POLICY SPOTLIGHT: Fintech Sandboxes
Promoting Innovation, Encouraging Competition
In this Policy Spotlight series, Mercatus scholars provide a high-level overview of their positions on key issues facing our nation’s policymakers.
Innovation and competition in lending helps improve access to credit, especially for borrowers poorly served by the traditional market. However, regulatory burdens and uncertainty in the financial sector can cost companies money and make them risk averse. For innovators, regulators, and consumers, fintech (financial technology) “sandboxes” can potentially offer a win-win-win solution.
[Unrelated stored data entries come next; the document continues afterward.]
theorem lemma3p14:
  fixes G :: "(complex^2^2) set" and f :: "real^3 \<Rightarrow> real" and U :: "(real^3) set"
  assumes "finite_subgroup_SU2 G" and "card G > 1"
    and "open U" and "S2 \<subseteq> U" and "smooth_on U f"
    and "\<forall>h\<in>rotP ` G. \<forall>x\<in>S2. f (h x) = f x"
    and "morse_smale_S2 f"
    and "{p. crit_S2 f p} = Fix (rotP ` G)"
  shows "\<exists>\<epsilon>0>0. \<forall>\<epsilon>. 0 < \<epsilon> \<and> \<epsilon> < \<epsilon>0 \<longrightarrow>
           (\<forall>p z. crit_S2 f p \<and> z \<in> S3 \<and> hopf z = p \<longrightarrow>
              is_m_fold_iterate (piG G \<circ> gamma_orbit f \<epsilon> z) (2 * pi * (1 + \<epsilon> * f p))
                (if even (card G) then 2 * card (isotropy (rotP ` G) p)
                 else card (isotropy (rotP ` G) p)))"
proof -
  note G = assms(1)
  have "ck_on 0 U f" using assms(5) unfolding smooth_on_def by blast
  then have "continuous_on S2 f" using assms(4) continuous_on_subset by auto
  moreover have "compact S2"
    using compact_sphere[of "0 :: real^3" 1] by (simp add: S2_def sphere_def dist_norm)
  ultimately obtain \<epsilon>0 where \<epsilon>0: "\<epsilon>0 > 0" and pos: "\<forall>\<epsilon>. 0 < \<epsilon> \<and> \<epsilon> < \<epsilon>0 \<longrightarrow> (\<forall>x\<in>S2. 0 < 1 + \<epsilon> * f x)"
    using small_perturbation_pos by blast
  show ?thesis
  proof (intro exI[of _ \<epsilon>0] conjI allI impI)
    show "\<epsilon>0 > 0" by (fact \<epsilon>0)
    fix \<epsilon> p z assume \<epsilon>: "0 < \<epsilon> \<and> \<epsilon> < \<epsilon>0" and pz: "crit_S2 f p \<and> z \<in> S3 \<and> hopf z = p"
    then have z: "norm z = 1" and p: "p = hopf z" "p \<in> S2"
      by (auto simp: S3_def crit_S2_def)
    have orbit: "piG G \<circ> gamma_orbit f \<epsilon> z = (\<lambda>t. piG G (cis (t / (1 + \<epsilon> * f p)) *s z))"
      by (auto simp: gamma_orbit_def p)
    have card: "card (fibre_stabilizer G z) = (if even (card G) then 2 * card (isotropy (rotP ` G) p)
        else card (isotropy (rotP ` G) p))"
      unfolding p(1) isotropy_hopf_eq_image_fibre_stabilizer[OF G z] by (rule card_fibre_stabilizer[OF G])
    have "0 < 1 + \<epsilon> * f p" using pos \<epsilon> p(2) by blast
    then show "is_m_fold_iterate (piG G \<circ> gamma_orbit f \<epsilon> z) (2 * pi * (1 + \<epsilon> * f p))
        (if even (card G) then 2 * card (isotropy (rotP ` G) p) else card (isotropy (rotP ` G) p))"
      unfolding orbit card[symmetric] by (rule Reeb_orbit_multiplicity[OF G z])
  qed
qed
Sandboxes provide an experimental environment for companies to test new products or services in a laxer regulatory environment—and to pass the benefits on to the consumer. This can be extremely valuable in financial services, given the high levels of regulation and high barriers to entry. Furthermore, sandboxes offer regulators an opportunity to get a better understanding of where markets are going, rather than forcing regulators to play catch-up when something breaks down.
Why Sandboxes Are an Increasingly Common Feature in Global Regulation
The United Kingdom is credited with creating the first regulatory sandbox for financial services, with other nations such as Australia and Singapore following shortly thereafter. In this country, states such as Arizona, Utah, and Wyoming have been leaders in the establishment of fintech sandboxes.
Requirements for regulatory sandboxes can vary, but they generally share these features:
- They are temporary.
- They are for a limited number of consumers.
- They contain provisions for consumer protection and compensation.
- Sandbox participants are required to share information with regulators regarding their operations.
The benefits of sandboxes include the following:
- Innovators have a place to test whether their products and services work before deciding to launch on a large scale while limiting their regulatory uncertainty.
- Regulators get the advantage of increased transparency and insight into the cutting edge of financial services and can help innovators design with compliance in mind.
- Consumers stand to benefit from increased competition and innovation.
Building a Better Sandbox
One concern about sandboxes is that relaxing regulatory standards will increase the chances of harm to consumers. However, a well-executed sandbox would require participating firms to be able to compensate consumers in the event of failure. Likewise, the agency administering the sandbox must be able to adequately vet and supervise participants.
Another concern is that sandboxes could grant an unfair regulatory advantage to firms that manage to gain admission. For example, those firms might have greater access to funding and greater exclusive access to the expertise provided by regulators. In addition, regulators might develop a practice of being stricter on firms that do not participate in a sandbox.
The risk that sandbox access becomes a “golden ticket” can be reduced by doing as follows:
- Grant relatively broad access.
- Make sandbox administrators justify their decisions to reject applications.
- Provide maximal transparency with regard to any legal or regulatory guidance provided to sandbox participants.
- Do not regard nonparticipation as evidence of bad faith on the part of firms.
Regulatory sandboxes aren’t lawless wastelands—they’re laboratories for developing commonsense approaches to regulation. To be sure, there are risks, but those can be mitigated with proper design and execution. There is also a risk to doing nothing, especially for those underserved by the status quo. Increased use of sandboxes in financial services can increase innovation and competition to the benefit of Americans.
Brian Knight, “Innovation and Competition in Lending Improves Access to Credit” (Testimony before the House Committee on Financial Services, Mercatus Center at George Mason University, Arlington, VA, February 5, 2020).
Brian Knight and Trace Mitchell, “The Sandbox Paradox: Balancing the Need to Facilitate Innovation with the Risk of Regulatory Privilege” (Mercatus Working Paper, Mercatus Center at George Mason University, Arlington, VA, March 2020).
Brian Knight, “Fintech Regulation Needs to Keep Pace with Economic and Technological Evolution” (Testimony before the House Committee on Financial Services, Task Force on Financial Technology, Mercatus Center at George Mason University, Arlington, VA, September 29, 2020).